Saved data entries:
○ ○ ○ ○ ○

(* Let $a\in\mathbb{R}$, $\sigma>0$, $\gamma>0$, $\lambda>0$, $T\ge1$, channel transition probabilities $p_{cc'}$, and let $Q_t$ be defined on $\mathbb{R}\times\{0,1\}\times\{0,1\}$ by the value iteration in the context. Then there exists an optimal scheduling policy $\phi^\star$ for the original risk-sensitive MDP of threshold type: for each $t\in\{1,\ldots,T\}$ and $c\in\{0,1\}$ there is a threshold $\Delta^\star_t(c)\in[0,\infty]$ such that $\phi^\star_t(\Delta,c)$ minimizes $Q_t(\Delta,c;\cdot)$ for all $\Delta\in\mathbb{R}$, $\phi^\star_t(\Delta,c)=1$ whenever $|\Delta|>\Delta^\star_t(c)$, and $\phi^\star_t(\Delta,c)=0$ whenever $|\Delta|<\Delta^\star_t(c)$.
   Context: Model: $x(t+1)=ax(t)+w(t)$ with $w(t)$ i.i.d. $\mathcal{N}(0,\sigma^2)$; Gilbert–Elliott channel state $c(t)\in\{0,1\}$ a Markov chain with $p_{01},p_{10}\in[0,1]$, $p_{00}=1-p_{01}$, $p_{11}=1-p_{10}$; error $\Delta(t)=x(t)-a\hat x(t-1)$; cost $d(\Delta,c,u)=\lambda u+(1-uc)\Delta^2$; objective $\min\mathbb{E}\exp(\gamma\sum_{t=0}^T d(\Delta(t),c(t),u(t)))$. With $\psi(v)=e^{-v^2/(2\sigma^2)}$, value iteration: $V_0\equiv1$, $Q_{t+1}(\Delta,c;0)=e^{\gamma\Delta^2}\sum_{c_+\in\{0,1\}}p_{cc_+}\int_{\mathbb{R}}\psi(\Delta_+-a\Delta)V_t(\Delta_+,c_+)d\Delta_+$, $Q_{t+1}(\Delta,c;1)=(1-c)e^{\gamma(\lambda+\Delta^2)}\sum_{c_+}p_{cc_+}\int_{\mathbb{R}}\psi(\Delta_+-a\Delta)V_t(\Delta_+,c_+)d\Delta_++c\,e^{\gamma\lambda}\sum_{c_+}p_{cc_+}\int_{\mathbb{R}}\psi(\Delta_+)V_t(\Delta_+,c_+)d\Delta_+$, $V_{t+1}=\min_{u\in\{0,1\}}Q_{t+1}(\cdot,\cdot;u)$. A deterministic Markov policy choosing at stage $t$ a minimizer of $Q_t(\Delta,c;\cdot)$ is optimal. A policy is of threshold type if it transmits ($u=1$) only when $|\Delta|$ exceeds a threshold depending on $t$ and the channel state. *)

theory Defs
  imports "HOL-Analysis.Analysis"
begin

○ ○ ○ ○ ○

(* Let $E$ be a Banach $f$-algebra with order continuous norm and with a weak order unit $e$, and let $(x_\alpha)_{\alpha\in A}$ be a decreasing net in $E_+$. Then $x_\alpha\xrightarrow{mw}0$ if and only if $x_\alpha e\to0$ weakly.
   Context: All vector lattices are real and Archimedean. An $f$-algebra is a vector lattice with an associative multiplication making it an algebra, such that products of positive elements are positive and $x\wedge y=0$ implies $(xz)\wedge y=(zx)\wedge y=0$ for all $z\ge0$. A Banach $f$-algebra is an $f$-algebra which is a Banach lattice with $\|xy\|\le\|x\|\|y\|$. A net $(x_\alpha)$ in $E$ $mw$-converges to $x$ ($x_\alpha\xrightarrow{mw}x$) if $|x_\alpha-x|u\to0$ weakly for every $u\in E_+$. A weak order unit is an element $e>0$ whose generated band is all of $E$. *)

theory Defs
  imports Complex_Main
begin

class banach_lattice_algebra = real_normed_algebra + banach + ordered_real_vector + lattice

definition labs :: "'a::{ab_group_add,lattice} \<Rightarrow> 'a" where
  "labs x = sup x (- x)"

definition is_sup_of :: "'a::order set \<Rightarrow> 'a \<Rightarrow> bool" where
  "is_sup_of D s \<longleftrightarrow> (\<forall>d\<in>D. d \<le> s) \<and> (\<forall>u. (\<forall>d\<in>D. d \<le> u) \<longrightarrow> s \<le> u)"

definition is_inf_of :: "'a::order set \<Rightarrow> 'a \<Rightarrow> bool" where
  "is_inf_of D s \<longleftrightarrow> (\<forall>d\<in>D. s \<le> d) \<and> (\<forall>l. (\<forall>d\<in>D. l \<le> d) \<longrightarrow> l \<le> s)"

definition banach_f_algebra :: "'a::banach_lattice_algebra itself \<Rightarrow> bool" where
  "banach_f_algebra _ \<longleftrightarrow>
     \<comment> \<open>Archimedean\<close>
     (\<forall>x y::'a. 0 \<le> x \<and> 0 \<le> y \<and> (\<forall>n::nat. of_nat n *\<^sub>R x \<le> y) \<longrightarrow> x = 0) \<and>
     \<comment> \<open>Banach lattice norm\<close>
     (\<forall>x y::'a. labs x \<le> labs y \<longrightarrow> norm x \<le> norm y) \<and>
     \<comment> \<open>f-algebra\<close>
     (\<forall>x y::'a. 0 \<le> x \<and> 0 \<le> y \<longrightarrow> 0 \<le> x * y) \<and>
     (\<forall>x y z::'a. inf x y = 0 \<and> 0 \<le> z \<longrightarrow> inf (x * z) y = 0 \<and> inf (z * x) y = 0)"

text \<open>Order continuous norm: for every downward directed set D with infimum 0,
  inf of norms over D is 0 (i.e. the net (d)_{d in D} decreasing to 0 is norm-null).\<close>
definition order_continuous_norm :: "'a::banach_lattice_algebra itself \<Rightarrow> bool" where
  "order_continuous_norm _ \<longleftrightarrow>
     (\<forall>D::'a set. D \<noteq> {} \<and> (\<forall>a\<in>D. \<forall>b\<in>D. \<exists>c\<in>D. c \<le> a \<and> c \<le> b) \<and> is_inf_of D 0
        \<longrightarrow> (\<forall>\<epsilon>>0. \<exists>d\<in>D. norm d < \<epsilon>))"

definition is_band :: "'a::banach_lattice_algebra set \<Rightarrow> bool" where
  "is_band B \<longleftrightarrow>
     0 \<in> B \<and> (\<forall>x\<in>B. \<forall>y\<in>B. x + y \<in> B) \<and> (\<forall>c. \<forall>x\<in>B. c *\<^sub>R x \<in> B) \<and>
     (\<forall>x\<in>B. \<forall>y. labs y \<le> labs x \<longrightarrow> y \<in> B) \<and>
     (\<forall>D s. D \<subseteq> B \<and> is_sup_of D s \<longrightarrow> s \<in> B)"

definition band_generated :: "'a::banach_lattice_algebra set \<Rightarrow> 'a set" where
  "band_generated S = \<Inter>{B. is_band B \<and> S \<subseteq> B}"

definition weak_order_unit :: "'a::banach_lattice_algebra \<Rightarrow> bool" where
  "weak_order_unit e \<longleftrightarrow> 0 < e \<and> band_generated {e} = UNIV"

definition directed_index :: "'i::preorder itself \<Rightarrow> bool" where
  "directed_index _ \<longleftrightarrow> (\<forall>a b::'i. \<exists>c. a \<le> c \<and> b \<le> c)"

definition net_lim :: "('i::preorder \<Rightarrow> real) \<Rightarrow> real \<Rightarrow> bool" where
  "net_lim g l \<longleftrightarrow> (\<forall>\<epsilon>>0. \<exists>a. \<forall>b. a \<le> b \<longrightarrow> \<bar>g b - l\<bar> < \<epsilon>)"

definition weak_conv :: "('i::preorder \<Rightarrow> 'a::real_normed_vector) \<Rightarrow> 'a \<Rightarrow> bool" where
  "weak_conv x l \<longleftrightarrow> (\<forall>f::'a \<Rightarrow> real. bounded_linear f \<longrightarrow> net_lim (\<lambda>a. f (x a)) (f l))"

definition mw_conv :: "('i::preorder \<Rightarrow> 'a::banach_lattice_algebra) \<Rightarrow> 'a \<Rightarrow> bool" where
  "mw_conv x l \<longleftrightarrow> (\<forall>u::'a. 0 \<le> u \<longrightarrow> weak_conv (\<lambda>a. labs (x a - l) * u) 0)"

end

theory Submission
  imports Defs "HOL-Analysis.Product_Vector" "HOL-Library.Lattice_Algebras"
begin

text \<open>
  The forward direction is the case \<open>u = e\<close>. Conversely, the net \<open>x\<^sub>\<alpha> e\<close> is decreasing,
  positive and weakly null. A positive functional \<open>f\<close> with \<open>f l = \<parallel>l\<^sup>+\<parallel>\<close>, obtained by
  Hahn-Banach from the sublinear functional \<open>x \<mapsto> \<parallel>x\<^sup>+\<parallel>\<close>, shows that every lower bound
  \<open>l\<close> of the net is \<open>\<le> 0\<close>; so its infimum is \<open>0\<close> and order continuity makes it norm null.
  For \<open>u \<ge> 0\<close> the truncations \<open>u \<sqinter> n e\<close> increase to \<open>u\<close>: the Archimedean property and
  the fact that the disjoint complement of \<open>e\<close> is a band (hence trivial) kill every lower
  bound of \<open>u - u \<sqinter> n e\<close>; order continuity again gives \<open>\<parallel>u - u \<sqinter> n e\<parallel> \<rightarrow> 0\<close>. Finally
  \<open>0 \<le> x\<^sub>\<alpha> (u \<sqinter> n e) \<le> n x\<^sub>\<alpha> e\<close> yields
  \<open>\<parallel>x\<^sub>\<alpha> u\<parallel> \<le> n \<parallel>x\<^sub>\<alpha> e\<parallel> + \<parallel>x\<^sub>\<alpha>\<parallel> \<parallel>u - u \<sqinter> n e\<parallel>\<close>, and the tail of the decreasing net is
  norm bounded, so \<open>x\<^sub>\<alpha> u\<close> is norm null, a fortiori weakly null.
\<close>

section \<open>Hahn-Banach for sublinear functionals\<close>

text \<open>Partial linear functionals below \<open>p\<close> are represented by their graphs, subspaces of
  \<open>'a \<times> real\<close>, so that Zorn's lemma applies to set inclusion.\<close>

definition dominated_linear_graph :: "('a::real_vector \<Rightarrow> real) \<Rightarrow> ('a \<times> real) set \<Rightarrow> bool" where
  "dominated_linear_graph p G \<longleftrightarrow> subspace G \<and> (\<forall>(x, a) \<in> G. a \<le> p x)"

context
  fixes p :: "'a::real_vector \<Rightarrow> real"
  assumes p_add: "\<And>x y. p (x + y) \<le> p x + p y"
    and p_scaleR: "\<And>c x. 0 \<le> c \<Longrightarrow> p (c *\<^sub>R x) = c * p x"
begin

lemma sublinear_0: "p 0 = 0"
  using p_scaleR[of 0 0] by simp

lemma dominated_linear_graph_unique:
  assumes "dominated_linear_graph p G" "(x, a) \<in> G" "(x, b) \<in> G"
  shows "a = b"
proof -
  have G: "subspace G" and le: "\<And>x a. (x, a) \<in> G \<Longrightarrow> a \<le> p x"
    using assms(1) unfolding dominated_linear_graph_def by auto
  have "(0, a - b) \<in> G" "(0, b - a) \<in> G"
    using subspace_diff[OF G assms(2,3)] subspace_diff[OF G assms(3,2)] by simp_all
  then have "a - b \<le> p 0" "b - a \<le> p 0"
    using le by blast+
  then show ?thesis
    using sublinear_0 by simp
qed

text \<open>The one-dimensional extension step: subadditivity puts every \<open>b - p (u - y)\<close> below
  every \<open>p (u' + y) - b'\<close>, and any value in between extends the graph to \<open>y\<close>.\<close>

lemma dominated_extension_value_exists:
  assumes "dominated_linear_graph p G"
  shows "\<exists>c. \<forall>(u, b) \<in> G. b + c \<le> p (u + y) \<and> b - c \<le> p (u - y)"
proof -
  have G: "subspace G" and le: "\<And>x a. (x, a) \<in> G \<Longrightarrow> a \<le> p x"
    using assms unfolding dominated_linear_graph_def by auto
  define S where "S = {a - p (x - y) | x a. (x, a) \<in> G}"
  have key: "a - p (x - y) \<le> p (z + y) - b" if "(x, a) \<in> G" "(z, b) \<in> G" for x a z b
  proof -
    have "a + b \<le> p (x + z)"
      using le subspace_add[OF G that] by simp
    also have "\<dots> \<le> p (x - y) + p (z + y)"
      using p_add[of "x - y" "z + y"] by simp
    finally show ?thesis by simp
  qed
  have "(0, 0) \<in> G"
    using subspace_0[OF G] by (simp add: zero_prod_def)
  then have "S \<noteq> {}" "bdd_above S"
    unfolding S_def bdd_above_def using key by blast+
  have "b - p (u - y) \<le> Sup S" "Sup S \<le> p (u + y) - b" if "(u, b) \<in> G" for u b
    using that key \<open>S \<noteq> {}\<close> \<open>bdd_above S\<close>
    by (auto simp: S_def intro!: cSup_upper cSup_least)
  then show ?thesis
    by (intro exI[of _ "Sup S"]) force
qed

○ ○ ○ ○ ○

- _Aim of the exercise_
Looking at the entries, work out how many lines hold the word "assumes". Give the number and nothing else.

- _Reply to the task_
3